Davutoğlu, Türkiye ve İran'ın Suriye konusundaki farklı tutumlarıyla ilgili bir soru üzerine, krizin ilk aylarında Devlet Başkanı Beşşar Esed'i seçimlere gitmesi ve reformlar yapmak konusunda ikna etmeye çalıştıklarına değinerek, Suriye ile ilişkilerde gelinen noktanın Türkiye'nin tercihi olmadığını vurguladı.

"Türkiye'nin Suriye ile ilişkilerinin ancak Şam'daki rejimin kendi halkını acımasızca öldürmeye başlamasından sonra bozulduğunu" belirten Davutoğlu, "Vicdanınıza sorun, Türkiye'nin kötü niyeti olsaydı, Suriye'ye müdahale etmek isteseydi, neden bunu Suriye 2004, 2005, 2006'da tüm dünya tarafından izole edilmişken yapmadı? Neden ABD ya da Batı ile Esed'e karşı işbirliği yapmadık?
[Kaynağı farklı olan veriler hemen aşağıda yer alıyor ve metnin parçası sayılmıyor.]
(* Let $\mathcal G$ be a topological $2$-group, $X$ a topological space, $\pi\colon P\to\overline X$ a principal $\mathcal G$-bundle and $\mathcal A=\{(U_i,\psi_i,\phi_i,\varepsilon_i)\}_{i\in I}$ an atlas of $\pi$. Then $c_{\mathcal A}=(\mathbf x,\mathbf e)$, defined below, is a $\mathcal G$-valued Čech cocycle subordinate to $\mathcal U=\{U_i\}_{i\in I}$.
   Context: Topological $2$-group $\mathcal G=(\mathcal G_1\rightrightarrows\mathcal G_0)$ (groupoid internal to topological groups; product $g*h$ for $t(g)=s(h)$, equal to $h1_{t(g)^{-1}}g$), $\mathcal E=\mathrm{Ker}(s)$, ${}^xe=1_xe1_{x^{-1}}$; $\overline X=(X\rightrightarrows X)$. A principal $\mathcal G$-bundle is a continuous functor $\pi\colon P\to\overline X$ from a $\mathcal G$-$2$-space (topological groupoid with strict continuous right $\mathcal G$-action) admitting an atlas: a family of trivializing charts $(U_i,\psi_i,\phi_i,\varepsilon_i)$ with $\{U_i\}$ an open cover, $\psi_i\colon P|_{U_i}\to\overline{U_i}\times\mathcal G$ a $\mathcal G$-equivariant continuous functor with $\mathcal G$-pseudo-inverse $\phi_i\colon\overline{U_i}\times\mathcal G\to P|_{U_i}$, $\varepsilon_i\colon\phi_i\psi_i\Rightarrow\mathrm{id}_{P|_{U_i}}$ a $\mathcal G_0$-equivariant continuous natural isomorphism, with $\mathrm{pr}_1\psi_i=\pi|_{U_i}$ and $\pi|_{U_i}\phi_i=\mathrm{pr}_1$. Write $U_{ij}=U_i\cap U_j$, etc. The transition functor $T_{ij}=\psi_i\phi_j\colon\overline{U_{ij}}\times\mathcal G\to\overline{U_{ij}}\times\mathcal G$ satisfies $T_{ij}(u,1)=(u,\mathbf x_{ij}(u))$ for a unique continuous $\mathbf x_{ij}\colon U_{ij}\to\mathcal G_0$. For $(u,x)\in U_{ijk}\times\mathcal G_0$, set $\gamma_{ijk}(u,x)=\psi_i(\varepsilon_j(\phi_k(u,x)))$; then there is a unique continuous $\mathbf e_{ijk}\colon U_{ijk}\to\mathcal G_1$ with $\gamma_{ijk}(u,x)=(u,\mathbf e_{ijk}(u)1_{\mathbf x_{ij}(u)\mathbf x_{jk}(u)x})$. A $\mathcal G$-valued Čech cocycle subordinate to $\mathcal U$ is a pair of families of continuous maps $\mathbf x_{ij}\colon U_{ij}\to\mathcal G_0$, $\mathbf e_{ijk}\colon U_{ijk}\to\mathcal E$ with $t(\mathbf e_{ijk})\mathbf x_{ij}\mathbf x_{jk}=\mathbf x_{ik}$ on $U_{ijk}$ and $\mathbf e_{ikl}\mathbf e_{ijk}=\mathbf e_{ijl}\,{}^{\mathbf x_{ij}}\mathbf e_{jkl}$ on $U_{ijkl}$. *)

theory Defs
  imports "HOL-Analysis.Analysis"
begin

text \<open>A topological groupoid: objects and arrows are topological spaces (carriers are the
topspaces); sr/tg are source and target, un the unit (identity arrow), cp the composition
in diagrammatic order (cp f g defined when tg f = sr g), iv the groupoid inverse.\<close>

record ('p,'q) tgpd =
  obj :: "'p topology"
  arr :: "'q topology"
  sr :: "'q \<Rightarrow> 'p"
  tg :: "'q \<Rightarrow> 'p"
  un :: "'p \<Rightarrow> 'q"
  cp :: "'q \<Rightarrow> 'q \<Rightarrow> 'q"
  iv :: "'q \<Rightarrow> 'q"

definition topgroup :: "'a topology \<Rightarrow> ('a \<Rightarrow> 'a \<Rightarrow> 'a) \<Rightarrow> ('a \<Rightarrow> 'a) \<Rightarrow> 'a \<Rightarrow> bool" where
  "topgroup T m i e \<longleftrightarrow>
     e \<in> topspace T \<and>
     (\<forall>a\<in>topspace T. \<forall>b\<in>topspace T. m a b \<in> topspace T) \<and>
     (\<forall>a\<in>topspace T. i a \<in> topspace T) \<and>
     (\<forall>a\<in>topspace T. \<forall>b\<in>topspace T. \<forall>c\<in>topspace T. m (m a b) c = m a (m b c)) \<and>
     (\<forall>a\<in>topspace T. m e a = a \<and> m a e = a \<and> m (i a) a = e \<and> m a (i a) = e) \<and>
     continuous_map (prod_topology T T) T (\<lambda>(a,b). m a b) \<and>
     continuous_map T T i"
Türkiye'de hala aynı hükümet var. Değişen biz değiliz, rejimin kendisi" ifadelerini kullandı.

"Suriye'de yabancı savaşçıların varlığına karşı çıkacaksak, hepsine karşı olmalıyız"

Türkiye'nin Suriye'yi çok iyi tanıdığını  belirten Davutoğlu, Esed'e bağlı birliklerin kendi şehirlerini bombalamalarının kabul edilemez olduğuna işaret ederek, "Bir ordu kendi şehrini bombalayabilir mi? Terörle mücadele kisvesi altında şehirlerin bombalanması kabul edilemez" dedi.

Davutoğlu, Türkiye'nin Suriye'den sonra en büyük Nusayri nüfusa sahip ülke olduğunu dile getirerek, bu durumdaki Türkiye'nin mezhepçi bir yaklaşım takınmasının ne mantıklı ne de doğru olduğunu belirtti. Türkiye'nin Suriye'deki radikal gruplara destek verdiği iddialarını da reddeden Davutoğlu, "Biz hiçbir zaman, hiçbir yerde El-Kaide ve bağlı grupları desteklemedik. Zulme, kimden gelirse gelsin karşı dururuz. Bizim için El Kaide de Esad kadar tehlikelidir" dedi.

Davutoğlu ayrıca "Suriye'de yabancı savaşçıların varlığına karşı çıkacaksak, hepsine karşı olmalıyız. İşte o zaman çözüme yardımcı oluruz" diye konuştu.

Bakan Davutoğlu, konferansın ardından Tahran Belediye Başkanı Muhammed Bakır Galibaf'ın EİT Bakanları onuruna verdiği akşam yemeğine katıldı. Program, basına kapalı düzenlendi.